Молодая женщина сидела в библиотеке на диване рядом с Дамоном, нежно обнимавшим ее за плечи.

– Спасибо, сэр, – смущенно ответила Темпл.

Ей было трудно говорить. Взяв винтовку, она никак не предполагала убить человека, а к тому же не знала, кто из этих всадников ее враг. Однако, справедливо рассудив, что честный человек не станет прятаться за деревьями, Темпл прицелилась в него. Воспользовавшись преимуществом своего положения, она думала лишь о том, как спасти жизнь второму всаднику!

– Темпл? – Голос Дамона отвлек ее от неприятных мыслей, и она подняла глаза. – Бейтс задал тебе вопрос.

– Да? О… простите, синьор.

– Впервые вижу ее такой молчаливой, – заметил сидевший у окна Роско.

Услышав его враждебный тон, Темпл покраснела от возмущения. Она по-прежнему была на ножах со свекром. Роско неустанно убеждал сына усмирить жену и «укоротить ей язычок». Темпл злилась, но воздерживалась от разговора с Дамоном, понимая, что у него и так хватает забот. К тому же пока не случилось ничего такого, с чем она не могла справиться сама.

– Что ж, похоже, мой сын наконец-то прислушался к моему совету и укоротил ей язычок. Да, я еще не видел ее такой молчаливой. – Роско явно дразнил невестку.

Темпл вскочила с дивана. Ее карие глаза сверкнули:

– А я еще никогда не убивала человека, Роско Силоне! Даже если мне очень хотелось избавиться от него.

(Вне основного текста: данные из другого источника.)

(* The functional $\Phi$ is continuous on $(\widetilde{\mathcal X},\mathbf D)$.
   Context: Fix $d\ge1$, $\beta>0$, $\phi\ge0$ smooth, spherically symmetric, supported in $B_{1/2}(0)$, $\int\phi=1$, and $V=\phi\star\phi$. Space $\widetilde{\mathcal X}$: $\mathcal M_{\le1}$ = subprobability measures on $\mathbb{R}^d$; orbit $\widetilde\alpha=\{\alpha\star\delta_x:x\in\mathbb{R}^d\}$. $\widetilde{\mathcal X}$ = all empty, finite or countable collections $\xi=\{\widetilde\alpha_i\}_{i\in I}$ of orbits with $\sum_i\alpha_i(\mathbb{R}^d)\le1$. For $k\ge2$, $\mathcal H_k$ = continuous translation-invariant $h:(\mathbb{R}^d)^k\to\mathbb{R}$ with $h\to0$ as $\sup_{i\ne j}|x_i-x_j|\to\infty$; $L(h,\xi)=\sum_{\widetilde\alpha\in\xi}\int h\,\mathrm{d}\alpha^{\otimes k}$; with a countable family $h_r\in\mathcal H_{k_r}$ dense in each $\mathcal H_k$, $\mathbf D(\xi_1,\xi_2)=\sum_r2^{-r}(1+\|h_r\|_\infty)^{-1}|L(h_r,\xi_1)-L(h_r,\xi_2)|$. Define $\Phi(\xi)=\frac{\beta^2}{2}V(0)\Big(1-\frac1{V(0)}\sum_{i\in I}\int_{\mathbb{R}^{2d}}V(x_2-x_1)\alpha_i(\mathrm{d}x_1)\alpha_i(\mathrm{d}x_2)\Big)$ for $\xi=(\widetilde\alpha_i)_{i\in I}$. *)

theory Defs
  imports "HOL-Analysis.Analysis"
begin

text \<open>C-infinity: f lies in a family of everywhere (Frechet) differentiable functions
  closed under taking partial derivatives in all coordinate directions.\<close>
definition smooth_fun :: "('a::euclidean_space \<Rightarrow> real) \<Rightarrow> bool" where
  "smooth_fun f \<longleftrightarrow> (\<exists>F. f \<in> F \<and> (\<forall>g\<in>F. (\<forall>x. g differentiable (at x)) \<and>
      (\<forall>b\<in>Basis. (\<lambda>x. frechet_derivative g (at x) b) \<in> F)))"

definition admissible_phi :: "('a::euclidean_space \<Rightarrow> real) \<Rightarrow> bool" where
  "admissible_phi \<phi> \<longleftrightarrow> smooth_fun \<phi> \<and> (\<forall>x. \<phi> x \<ge> 0)
     \<and> (\<forall>x y. norm x = norm y \<longrightarrow> \<phi> x = \<phi> y)
     \<and> (\<forall>x. norm x \<ge> 1/2 \<longrightarrow> \<phi> x = 0)
     \<and> (\<phi> has_integral 1) UNIV"

definition conv_self :: "('a::euclidean_space \<Rightarrow> real) \<Rightarrow> 'a \<Rightarrow> real" where
  "conv_self \<phi> x = integral UNIV (\<lambda>y. \<phi> y * \<phi> (x - y))"

definition subprob_meas :: "'a::euclidean_space measure \<Rightarrow> bool" where
  "subprob_meas \<alpha> \<longleftrightarrow> sets \<alpha> = sets borel \<and> emeasure \<alpha> UNIV \<le> 1"

definition translate_meas :: "'a::euclidean_space measure \<Rightarrow> 'a \<Rightarrow> 'a measure" where
  "translate_meas \<alpha> x = distr \<alpha> borel (\<lambda>y. y + x)"

definition orbit :: "'a::euclidean_space measure \<Rightarrow> 'a measure set" where
  "orbit \<alpha> = {translate_meas \<alpha> x | x. True}"

definition is_orbit :: "'a::euclidean_space measure set \<Rightarrow> bool" where
  "is_orbit S \<longleftrightarrow> (\<exists>\<alpha>. subprob_meas \<alpha> \<and> S = orbit \<alpha>)"

text \<open>A representative of an orbit (all quantities used are translation invariant).\<close>
definition orb_rep :: "'a measure set \<Rightarrow> 'a measure" where
  "orb_rep S = (SOME \<alpha>. \<alpha> \<in> S)"

text \<open>An element of X-tilde: a countable indexed family of orbits, indexed by I \<subseteq> nat.\<close>
type_synonym 'a Xelem = "nat set \<times> (nat \<Rightarrow> 'a measure set)"

definition Xtilde :: "'a::euclidean_space Xelem set" where
  "Xtilde = {(I, \<xi>). (\<forall>i\<in>I. is_orbit (\<xi> i)) \<and>
              (\<Sum>\<^sub>\<infinity>i\<in>I. emeasure (orb_rep (\<xi> i)) UNIV) \<le> 1}"

abbreviation cube :: "nat \<Rightarrow> (nat \<Rightarrow> 'a) set" where
  "cube k \<equiv> PiE {..<k} (\<lambda>_. UNIV)"

definition Hk :: "nat \<Rightarrow> ((nat \<Rightarrow> 'a::euclidean_space) \<Rightarrow> real) \<Rightarrow> bool" where
  "Hk k h \<longleftrightarrow> continuous_on (cube k) h
     \<and> (\<forall>x\<in>cube k. \<forall>y. h (\<lambda>i\<in>{..<k}. x i + y) = h x)
     \<and> (\<forall>\<epsilon>>0. \<exists>R. \<forall>x\<in>cube k. (\<exists>i<k. \<exists>j<k. R < dist (x i) (x j)) \<longrightarrow> \<bar>h x\<bar> < \<epsilon>)"

definition supn :: "nat \<Rightarrow> ((nat \<Rightarrow> 'a) \<Rightarrow> real) \<Rightarrow> real" where
  "supn k h = (SUP x\<in>cube k. \<bar>h x\<bar>)"

definition Lfun :: "nat \<Rightarrow> ((nat \<Rightarrow> 'a::euclidean_space) \<Rightarrow> real) \<Rightarrow> 'a Xelem \<Rightarrow> real" where
  "Lfun k h \<xi> = (\<Sum>\<^sub>\<infinity>i\<in>fst \<xi>. (\<integral>x. h x \<partial>(PiM {..<k} (\<lambda>_. orb_rep (snd \<xi> i)))))"

definition dense_family :: "(nat \<Rightarrow> nat \<times> ((nat \<Rightarrow> 'a::euclidean_space) \<Rightarrow> real)) \<Rightarrow> bool" where
  "dense_family hs \<longleftrightarrow> (\<forall>r. 2 \<le> fst (hs r) \<and> Hk (fst (hs r)) (snd (hs r)))
     \<and> (\<forall>k\<ge>2. \<forall>h. Hk k h \<longrightarrow> (\<forall>\<epsilon>>0. \<exists>r. fst (hs r) = k \<and>
            supn k (\<lambda>x. h x - snd (hs r) x) < \<epsilon>))"

definition Dmet :: "(nat \<Rightarrow> nat \<times> ((nat \<Rightarrow> 'a::euclidean_space) \<Rightarrow> real)) \<Rightarrow> 'a Xelem \<Rightarrow> 'a Xelem \<Rightarrow> real" where
  "Dmet hs \<xi>1 \<xi>2 = (\<Sum>r. (1/2)^(Suc r) / (1 + supn (fst (hs r)) (snd (hs r)))
        * \<bar>Lfun (fst (hs r)) (snd (hs r)) \<xi>1 - Lfun (fst (hs r)) (snd (hs r)) \<xi>2\<bar>)"

definition Phi :: "real \<Rightarrow> ('a::euclidean_space \<Rightarrow> real) \<Rightarrow> 'a Xelem \<Rightarrow> real" where
  "Phi \<beta> V \<xi> = \<beta>^2 / 2 * V 0 * (1 - 1 / V 0 *
      (\<Sum>\<^sub>\<infinity>i\<in>fst \<xi>. (\<integral>x2. (\<integral>x1. V (x2 - x1) \<partial>(orb_rep (snd \<xi> i))) \<partial>(orb_rep (snd \<xi> i)))))"

end

theory Submission
  imports Defs
begin
(* Let $0<\alpha_1\le\dots\le\alpha_n\le1$, $\alpha_0:=0$. For all $p,q\in\mathcal{S}_2^n$, the fractional join of $p,q$ with respect to the valuation $v_{\boldsymbol\alpha}$ equals the formal combination $$\sum_{i=0}^{n-1}\Big(\frac1{1+\alpha_i}-\frac1{1+\alpha_{i+1}}\Big)\big((p\vee_L^iq)+(p\vee_R^iq)\big)+\frac{1-\alpha_n}{1+\alpha_n}(p\sqcup^nq)$$ (coefficients of equal elements added).
   Context: $\mathcal{S}_2=\{-,0,+\}$ with minimum $0$ and incomparable $-,+$; $\mathcal{S}_2^n$ has the componentwise order. Operations on $\mathcal{S}_2$: $x\sqcup y$ is the larger of $x,y$ if comparable and $0$ if $\{x,y\}=\{-,+\}$; $x\sqcup_+y=+$ if $\{x,y\}=\{-,+\}$, else $x\sqcup y$; $x\vee_Ly=x$ if $x\ne0$ and $y$ if $x=0$; $x\vee_Ry=y$ if $y\ne0$ and $x$ if $y=0$. For $i=0,\dots,n$: $\sqcup^i,\vee_L^i,\vee_R^i$ apply $\sqcup_+$ in the first $i$ coordinates and respectively $\sqcup,\vee_L,\vee_R$ in the remaining coordinates. Valuation: $v_i(0)=0,v_i(+)=1,v_i(-)=\alpha_i$, $v_{\boldsymbol\alpha}(x)=\sum_iv_i(x_i)$. Fractional join w.r.t. $v=v_{\boldsymbol\alpha}$: $I(p,q)$ is the set of elements on shortest $p$–$q$ paths of the covering graph; $v(u;p,q)=(v(u\wedge p)-v(p\wedge q),v(u\wedge q)-v(p\wedge q))$ ($\wedge$ = meet); $\mathcal{E}(p,q)$ the $u\in I(p,q)$ with $v(u;p,q)$ a componentwise-maximal extreme point of the convex hull $\mathrm{Conv}I(p,q)$; $C(u;p,q)=\{w\in\mathbf{R}^2_{\ge0}:\langle w,v(u;p,q)\rangle=\max_{z\in\mathrm{Conv}I(p,q)}\langle w,z\rangle\}=\{(x,y)\ge0:y\cos\alpha\le x\sin\alpha,\ y\cos\beta\ge x\sin\beta\}$ ($0\le\beta\le\alpha\le\pi/2$), $[C]=\frac{\sin\alpha}{\sin\alpha+\cos\alpha}-\frac{\sin\beta}{\sin\beta+\cos\beta}$; the fractional join is $\sum_{u\in\mathcal{E}(p,q)}[C(u;p,q)]u$. *)

theory Defs
  imports "HOL-Analysis.Analysis"
begin

datatype s2 = Minus | Zero | Plus

definition s2_le :: "s2 \<Rightarrow> s2 \<Rightarrow> bool" where
  "s2_le x y \<longleftrightarrow> x = Zero \<or> x = y"

definition s2_join :: "s2 \<Rightarrow> s2 \<Rightarrow> s2" where
  "s2_join x y = (if s2_le x y then y else if s2_le y x then x else Zero)"

definition s2_join_plus :: "s2 \<Rightarrow> s2 \<Rightarrow> s2" where
  "s2_join_plus x y = (if {x, y} = {Minus, Plus} then Plus else s2_join x y)"

definition s2_vL :: "s2 \<Rightarrow> s2 \<Rightarrow> s2" where
  "s2_vL x y = (if x \<noteq> Zero then x else y)"

definition s2_vR :: "s2 \<Rightarrow> s2 \<Rightarrow> s2" where
  "s2_vR x y = (if y \<noteq> Zero then y else x)"

definition s2_meet :: "s2 \<Rightarrow> s2 \<Rightarrow> s2" where
  "s2_meet x y = (if x = y then x else Zero)"

(* S_2^n: coordinates indexed 1..n, all other coordinates are Zero *)
definition S2n :: "nat \<Rightarrow> (nat \<Rightarrow> s2) set" where
  "S2n n = {x. \<forall>j. (j = 0 \<or> n < j) \<longrightarrow> x j = Zero}"

definition leq :: "(nat \<Rightarrow> s2) \<Rightarrow> (nat \<Rightarrow> s2) \<Rightarrow> bool" where
  "leq x y \<longleftrightarrow> (\<forall>j. s2_le (x j) (y j))"

definition meet :: "(nat \<Rightarrow> s2) \<Rightarrow> (nat \<Rightarrow> s2) \<Rightarrow> (nat \<Rightarrow> s2)" where
  "meet x y = (\<lambda>j. s2_meet (x j) (y j))"

(* the operations sqcup^i, vee_L^i, vee_R^i: sqcup_+ on coordinates 1..i, f on the rest *)
definition op_i :: "nat \<Rightarrow> (s2 \<Rightarrow> s2 \<Rightarrow> s2) \<Rightarrow> (nat \<Rightarrow> s2) \<Rightarrow> (nat \<Rightarrow> s2) \<Rightarrow> (nat \<Rightarrow> s2)" where
  "op_i i f p q = (\<lambda>j. if j \<le> i then s2_join_plus (p j) (q j) else f (p j) (q j))"

definition join_i where "join_i i = op_i i s2_join"
definition vL_i where "vL_i i = op_i i s2_vL"
definition vR_i where "vR_i i = op_i i s2_vR"

definition v_coord :: "(nat \<Rightarrow> real) \<Rightarrow> nat \<Rightarrow> s2 \<Rightarrow> real" where
  "v_coord \<alpha> j x = (case x of Zero \<Rightarrow> 0 | Plus \<Rightarrow> 1 | Minus \<Rightarrow> \<alpha> j)"

definition val :: "nat \<Rightarrow> (nat \<Rightarrow> real) \<Rightarrow> (nat \<Rightarrow> s2) \<Rightarrow> real" where
  "val n \<alpha> x = (\<Sum>j=1..n. v_coord \<alpha> j (x j))"

definition lt_n :: "nat \<Rightarrow> (nat \<Rightarrow> s2) \<Rightarrow> (nat \<Rightarrow> s2) \<Rightarrow> bool" where
  "lt_n n x y \<longleftrightarrow> x \<in> S2n n \<and> y \<in> S2n n \<and> leq x y \<and> x \<noteq> y"

definition covers :: "nat \<Rightarrow> (nat \<Rightarrow> s2) \<Rightarrow> (nat \<Rightarrow> s2) \<Rightarrow> bool" where
  "covers n x y \<longleftrightarrow> lt_n n x y \<and> \<not> (\<exists>z. lt_n n x z \<and> lt_n n z y)"

definition adj :: "nat \<Rightarrow> (nat \<Rightarrow> s2) \<Rightarrow> (nat \<Rightarrow> s2) \<Rightarrow> bool" where
  "adj n x y \<longleftrightarrow> covers n x y \<or> covers n y x"

definition is_walk :: "nat \<Rightarrow> (nat \<Rightarrow> s2) list \<Rightarrow> (nat \<Rightarrow> s2) \<Rightarrow> (nat \<Rightarrow> s2) \<Rightarrow> bool" where
  "is_walk n xs p q \<longleftrightarrow> xs \<noteq> [] \<and> hd xs = p \<and> last xs = q \<and> set xs \<subseteq> S2n n \<and>
     (\<forall>k. Suc k < length xs \<longrightarrow> adj n (xs ! k) (xs ! Suc k))"

definition is_shortest_path :: "nat \<Rightarrow> (nat \<Rightarrow> s2) list \<Rightarrow> (nat \<Rightarrow> s2) \<Rightarrow> (nat \<Rightarrow> s2) \<Rightarrow> bool" where
  "is_shortest_path n xs p q \<longleftrightarrow> is_walk n xs p q \<and> (\<forall>ys. is_walk n ys p q \<longrightarrow> length xs \<le> length ys)"

definition interval :: "nat \<Rightarrow> (nat \<Rightarrow> s2) \<Rightarrow> (nat \<Rightarrow> s2) \<Rightarrow> (nat \<Rightarrow> s2) set" where
  "interval n p q = {u. \<exists>xs. is_shortest_path n xs p q \<and> u \<in> set xs}"

definition vpt :: "nat \<Rightarrow> (nat \<Rightarrow> real) \<Rightarrow> (nat \<Rightarrow> s2) \<Rightarrow> (nat \<Rightarrow> s2) \<Rightarrow> (nat \<Rightarrow> s2) \<Rightarrow> real \<times> real" where
  "vpt n \<alpha> u p q = (val n \<alpha> (meet u p) - val n \<alpha> (meet p q), val n \<alpha> (meet u q) - val n \<alpha> (meet p q))"

definition convI :: "nat \<Rightarrow> (nat \<Rightarrow> real) \<Rightarrow> (nat \<Rightarrow> s2) \<Rightarrow> (nat \<Rightarrow> s2) \<Rightarrow> (real \<times> real) set" where
  "convI n \<alpha> p q = convex hull ((\<lambda>u. vpt n \<alpha> u p q) ` interval n p q)"

definition Eset :: "nat \<Rightarrow> (nat \<Rightarrow> real) \<Rightarrow> (nat \<Rightarrow> s2) \<Rightarrow> (nat \<Rightarrow> s2) \<Rightarrow> (nat \<Rightarrow> s2) set" where
  "Eset n \<alpha> p q = {u \<in> interval n p q.
     vpt n \<alpha> u p q extreme_point_of convI n \<alpha> p q \<and>
     (\<forall>z \<in> convI n \<alpha> p q. fst (vpt n \<alpha> u p q) \<le> fst z \<and> snd (vpt n \<alpha> u p q) \<le> snd z
        \<longrightarrow> z = vpt n \<alpha> u p q)}"

definition cone :: "nat \<Rightarrow> (nat \<Rightarrow> real) \<Rightarrow> (nat \<Rightarrow> s2) \<Rightarrow> (nat \<Rightarrow> s2) \<Rightarrow> (nat \<Rightarrow> s2) \<Rightarrow> (real \<times> real) set" where
  "cone n \<alpha> u p q = {w. 0 \<le> fst w \<and> 0 \<le> snd w \<and>
     w \<bullet> vpt n \<alpha> u p q = (SUP z \<in> convI n \<alpha> p q. w \<bullet> z)}"

definition cone_measure :: "(real \<times> real) set \<Rightarrow> real" where
  "cone_measure C = (THE m. \<exists>a b. 0 \<le> b \<and> b \<le> a \<and> a \<le> pi / 2 \<and>
      C = {(x, y). 0 \<le> x \<and> 0 \<le> y \<and> y * cos a \<le> x * sin a \<and> y * cos b \<ge> x * sin b} \<and>
      m = sin a / (sin a + cos a) - sin b / (sin b + cos b))"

Роско все понял, ибо часто видел в ее глазах откровенную ненависть.

Дамон собирался вступиться за жену, но она не позволила ему, ибо вполне успешно отражала нападки Роско. Взглянув на отца, Дамон понял, что тот вот-вот скажет колкость, и решил предотвратить назревавший скандал.

– Ладно тебе, Темпл, – тихо начал он, накрыв ее руку своей.

– Ничего не ладно, Дамон Силоне! – воскликнула она. – Не смей обращаться со мной, как с ребенком! Я взрослая женщина и сама отвечаю за себя. Никто не запретит мне высказывать свою точку зрения!

И Дамона, и его отца удивила ее непримиримость. Дамон приписал это физическому и эмоциональному состоянию Темпл. Однако Роско знал ее лучше.

Успокоившись, Темпл улыбнулась Бейтсу:

– Не обращайте внимания, синьор, у меня дурной характер, но я не стану ни перед кем извиняться, ибо сказала то, что думала. Очень рада, синьор, что вы не пострадали и мне удалось предотвратить беду. А теперь, господа, прошу простить меня.

Темпл гордо вскинула голову, расправила плечи и вышла из комнаты, как королева, хотя была в пыльной потрепанной одежде Марио.

Мужчины, проводив ее глазами, долго молчали. Потом Бейтс громко расхохотался и хлопнул себя по колену.

– Как ловко она сменила тему! – воскликнул он. – Не дай Бог когда-нибудь попасть под горячую руку этой юной леди! Ну, Дамон, женушка у тебя…

– С характером! – отозвался тот, просияв. Но Роско Силоне был мрачнее тучи.

Проводив Бейтса, Роско налил себе коньяку и начал ходить по кабинету.

Дамон, заглянувший к отцу, застал его в крайнем раздражении.

– Дамон, мне надо поговорить с тобой насчет Темпл, – сердито начал Роско. – Твоя жена…

– Вот это главное, отец, Темпл – моя жена, и я не намерен говорить о ней с тобой, – отрезал он.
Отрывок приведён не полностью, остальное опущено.